→ Records supplied
definition dom_edge :: "profile \<Rightarrow> nat set \<Rightarrow> nat \<Rightarrow> nat \<Rightarrow> nat \<Rightarrow> bool" where
  "dom_edge P C a i j \<longleftrightarrow> (a, top P C j) \<in> P i"

definition has_perfect_matching :: "nat set \<Rightarrow> nat set \<Rightarrow> profile \<Rightarrow> nat \<Rightarrow> bool" where
  "has_perfect_matching V C P a \<longleftrightarrow>
     (\<exists>\<pi>. bij_betw \<pi> V V \<and> (\<forall>i\<in>V. dom_edge P C a i (\<pi> i)))"

end

theory Submission
  imports Defs
begin

text \<open>Upper bound: let \<pi> be a perfect matching of G(a) and t = top(\<pi> i). Voter i weakly prefers
  a to t, and \<alpha>-decisiveness of \<pi> i gives d(\<pi> i,t) \<le> \<alpha> d(\<pi> i,b), so
  d(i,a) \<le> d(i,t) \<le> d(i,b) + d(b,\<pi> i) + d(\<pi> i,t) \<le> d(i,b) + (1 + \<alpha>) d(\<pi> i,b).
  Summing over i, and using that \<pi> is a bijection, gives SC(a) \<le> (2 + \<alpha>) SC(b).

  Tightness: two voters, voter 1 ranking 0 > 1 > ... > m-1 and voter 2 the reverse order.
  Candidate 1 is matched (1 to 2, 2 to 1), and the taxicab plane realises
  d(1,\<cdot>) = (0, 1+\<alpha>, ..., 1+\<alpha>) and d(2,\<cdot>) = (1, 1, ..., 1, \<alpha>), so SC(1) = 2 + \<alpha> while SC(0) = 1.\<close>

lemma linear_order_on_has_first:
  assumes "linear_order_on C r" "finite F" "F \<noteq> {}" "F \<subseteq> C"
  shows "\<exists>c\<in>F. \<forall>c'\<in>F. (c, c') \<in> r"
  using assms(2-4)
proof (induction F rule: finite_ne_induct)
  case (singleton x)
  then show ?case using assms(1) by (auto simp: order_on_defs refl_on_def)
next
  case (insert x F)
  then obtain c where c: "c \<in> F" "\<forall>c'\<in>F. (c, c') \<in> r" by blast
  have "x \<in> C" "c \<in> C" using insert.prems c(1) by auto
  then have "(x, x) \<in> r" "(x, c) \<in> r \<or> (c, x) \<in> r"
    using assms(1) unfolding order_on_defs refl_on_def total_on_def by (metis, metis)
  moreover have "trans r" using assms(1) by (simp add: order_on_defs)
  ultimately show ?case using c by (auto dest: transD)
qed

→ Exercise goal
Which lines run from the one containing "Candidate 1 is" to the end of the entries above? Quote exactly those, and only those.

→ Solution below
  Candidate 1 is matched (1 to 2, 2 to 1), and the taxicab plane realises
  d(1,\<cdot>) = (0, 1+\<alpha>, ..., 1+\<alpha>) and d(2,\<cdot>) = (1, 1, ..., 1, \<alpha>), so SC(1) = 2 + \<alpha> while SC(0) = 1.\<close>

lemma linear_order_on_has_first:
  assumes "linear_order_on C r" "finite F" "F \<noteq> {}" "F \<subseteq> C"
  shows "\<exists>c\<in>F. \<forall>c'\<in>F. (c, c') \<in> r"
  using assms(2-4)
proof (induction F rule: finite_ne_induct)
  case (singleton x)
  then show ?case using assms(1) by (auto simp: order_on_defs refl_on_def)
next
  case (insert x F)
  then obtain c where c: "c \<in> F" "\<forall>c'\<in>F. (c, c') \<in> r" by blast
  have "x \<in> C" "c \<in> C" using insert.prems c(1) by auto
  then have "(x, x) \<in> r" "(x, c) \<in> r \<or> (c, x) \<in> r"
    using assms(1) unfolding order_on_defs refl_on_def total_on_def by (metis, metis)
  moreover have "trans r" using assms(1) by (simp add: order_on_defs)
  ultimately show ?case using c by (auto dest: transD)
qed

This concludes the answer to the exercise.